# Mandy's Story by Anonymous (~BBW, Lesbian, ~Sex, ~MWG)



## WG Story Drone (Apr 6, 2009)

(_~BBW, Lesbianism, ~Sex, ~MWG _-- Wherein our young heroine discovers love and the joys of overeating)

*Mandy's Story
by Anonymous​​*
(Migrated from the Weight Room _Anonymous Archives_)

*PART I:* ​
It was in high school that I began to find myself. I had always been skinny. It wasn't that my frame was slight, no, far from it. I just never carried anything on it. I was 5'6" and never weighed any more than 115lbs. Actually, I was obsessed with my weight. Those diets I went through were horrible. I was always so tired and cranky. It was kind of ironic: the more I dieted, the more I loved eating. 

Then I met Sarah, and everything changed. 

She had a beautiful face, blonde hair and deep blue eyes. And her body, well, it was so sexy. Her breasts were unbelievable. They were huge -- at least DD's but probably bigger. And they hardly sagged at all; they were perkier than most boobs half their size. But she wasn't skinny, not at all. Her hips flared out just the right amount below he waist, and that made it look narrow despite her cute little pot-belly that would hang so delightfully over the pair of jeans that she would cram her wide, voluptuous butt into. Her butt was like her boobs: so very big and oh so round, but not saggy at all. Her legs and arms were just so thick and meaty. She just carried all her weight so well; she was so hour-glass shaped and feminine that even the girls had to acknowledge her sexiness. 

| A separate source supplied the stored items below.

lemma nonloop_edges_subset_rewire:
  "(if vx G a \<noteq> vx G b then {(a, b)} else {})
    \<union> (if vx G (pr G a) \<noteq> vx G (pr G b) then {partner_pair G (a, b)} else {})
    \<union> {f \<in> nonloop_edges G. disjoint_pairs f (a, b)} \<subseteq> nonloop_edges (rewire G a b)"
proof
  fix e
  assume e: "e \<in> (if vx G a \<noteq> vx G b then {(a, b)} else {})
    \<union> (if vx G (pr G a) \<noteq> vx G (pr G b) then {partner_pair G (a, b)} else {})
    \<union> {f \<in> nonloop_edges G. disjoint_pairs f (a, b)}"
  note f = quasi_pair_bounds quasi_pair_facts[OF W quasi_pair_bounds(2-5)]
  consider "e = (a, b)" "vx G a \<noteq> vx G b" | "e = partner_pair G (a, b)" "vx G (pr G a) \<noteq> vx G (pr G b)"
    | (old) "e \<in> nonloop_edges G" "disjoint_pairs e (a, b)"
    using e by (auto split: if_splits)
  then show "e \<in> nonloop_edges (rewire G a b)"
  proof cases
    case old
    obtain c d where cd: "e = (c, d)"
      by force
    have E: "c < d" "d < nh G" "pr G c = d" "vx G c \<noteq> vx G d"
      using old cd by (auto simp: nonloop_edges_def)
    have "a \<noteq> c" "a \<noteq> d" "b \<noteq> c" "b \<noteq> d"
      using old cd by (auto simp: disjoint_pairs_def)
    moreover have "c \<noteq> pr G a" "c \<noteq> pr G b"
      using calculation E f wf_pr_pr[OF W] by (metis order.strict_trans)+
    ultimately have "pr (rewire G a b) c = d"
      using E by (simp add: pr_rewire)
    then show ?thesis
      using E cd by (auto simp: nonloop_edges_def)
  qed (use f pr_rewire_quasi_pair partner_pair_eq in \<open>auto simp: nonloop_edges_def\<close>)
qed

end

lemma nonloop_edges_rewire:
  assumes "wf Q G" and "(a, b) \<in> quasi_pairs G"
  shows "nonloop_edges (rewire G a b) = (if vx G a \<noteq> vx G b then {(a, b)} else {})
    \<union> (if vx G (pr G a) \<noteq> vx G (pr G b) then {partner_pair G (a, b)} else {})
    \<union> {f \<in> nonloop_edges G. disjoint_pairs f (a, b)}"
  using nonloop_edges_rewire_subset[OF assms] nonloop_edges_subset_rewire[OF assms]
  by (rule subset_antisym)

lemma dE_graph_rewire:
  assumes W: "wf Q G" and q: "(a, b) \<in> quasi_pairs G"
  shows "dE_graph Q (rewire G a b) = dH_term Q G (a, b) + dH_term Q G (partner_pair G (a, b)) +
     (\<Sum>f\<in>{f \<in> nonloop_edges G. disjoint_pairs f (a, b)}. contr Q (rewire G a b) (fst f) (snd f))"
proof -
  note ab = quasi_pair_bounds[OF W q]
  note f = quasi_pair_facts[OF W ab(2-5)]
  let ?A = "if vx G a \<noteq> vx G b then {(a, b)} else {}"
  let ?B = "if vx G (pr G a) \<noteq> vx G (pr G b) then {partner_pair G (a, b)} else {}"
  let ?C = "{f \<in> nonloop_edges G. disjoint_pairs f (a, b)}"
  let ?g = "\<lambda>e. contr Q (rewire G a b) (fst e) (snd e)"
  have d1: "?A \<inter> ?B = {}"
    using f by (auto simp: partner_pair_def sorted_pair_def min_def max_def)
  have d2: "(?A \<union> ?B) \<inter> ?C = {}"
    using f
    by (auto simp: partner_pair_def sorted_pair_def min_def max_def disjoint_pairs_def nonloop_edges_def)
  have fC: "finite ?C"
    by (rule finite_subset[OF _ finite_nonloop_edges[of G]]) auto
  have "dE_graph Q (rewire G a b) = sum ?g (?A \<union> ?B) + sum ?g ?C"
    unfolding dE_graph_eq_sum nonloop_edges_rewire[OF W q]
    by (rule sum.union_disjoint) (use d2 fC in auto)
  also have "sum ?g (?A \<union> ?B) = sum ?g ?A + sum ?g ?B"
    by (rule sum.union_disjoint) (use d1 in auto)
  also have "sum ?g ?A = dH_term Q G (a, b)"
    using contr_rewire_self[OF W ab(2-5)] by (simp add: dH_term_def)
  also have "sum ?g ?B = dH_term Q G (partner_pair G (a, b))"
  proof -
    obtain c d where cd: "partner_pair G (a, b) = (c, d)"
      by force
    then have "(c, d) \<in> quasi_pairs G"
      using partner_pair_quasi_pairs[OF W q] by simp
    then have "contr Q (rewire G a b) c d = contr Q G c d"
      using contr_rewire_self[OF W, of c d] rewire_partner_pair[OF W q] cd by (auto simp: quasi_pairs_def)
    moreover have "vx G c \<noteq> vx G d \<longleftrightarrow> vx G (pr G a) \<noteq> vx G (pr G b)"
      using cd partner_pair_eq[OF W q] by (auto split: if_splits)
    ultimately show ?thesis
      using cd by (simp add: dH_term_def)
  qed
  finally show ?thesis .
qed

definition quasi_pairs_avoiding :: "'q qgraph \<Rightarrow> nat \<times> nat \<Rightarrow> (nat \<times> nat) set" where
  "quasi_pairs_avoiding G e = {q \<in> quasi_pairs G. disjoint_pairs e q}"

We found we had so much in common. We became so very close. I noticed something deep in the back of my mind telling me that this was different from any other relationship I had before. We'd go out to eat all the time and she'd shock me with her eating. She'd get a cheese steak and fries and top it off with a huge milkshake and I'd have a salad. She'd always try to get me to eat like she did. She'd say, "Lighten up a little -- you worry about your weight too much. If you'd cut loose, you'd feel better. Besides, you're so skinny that it wouldn't hurt you one bit to put on a few pounds." 

I started getting obsessed with her body. I would think about it all the time. I'd think about how her tight little T-shirts would ride up over her chubby tummy and how deep her belly button was. I thought about her legs, how the giggled when she walked, how gently dimpled her inner thighs were, how thick her calves were. I thought about her body, how it was just so curvy and round in every way, and I'd get really horny. And when she was around, I couldn't keep my eyes off her breasts. She almost always had cleavage showing, and my sight was drawn to it. I think she caught me looking her up and down many times but never said anything. 

The real turning point was around my birthday when I was transferred into her phys ed. class. That day I went down to change and naturally chose the locker next to Sarah. I noticed out of the corner of my eye that she was getting undressed, and I couldn't resist the urge to watch her undress. I turned to look and I saw she was down to her underwear. I was stunned; I couldn't more. All I could do was stand there and stare with my jaw on the floor. I'd never seen this much of her before. I loved how smooth her body looked, how rolls formed under her shoulder blades when she moved this way and how they appeared on her tummy when she moved that way. I focused on how her body giggled and quivered. 

My heart was racing a mile a minute. All I could think about was how I wanted to and explore every curve of hers. I wanted to slip he sexy lingerie off and lick her deep bellybutton. I felt a tingle between my legs and realized I was getting wet. Then she turned and looked at me. I suddenly realized everyone else in the locker room was looking at me, too. I ran out, told the coach I felt sick and got sent home early. I thought: "What is happening to me? Why am I sweating my best friend? I'm a freak! I'm attracted to my best friend!" 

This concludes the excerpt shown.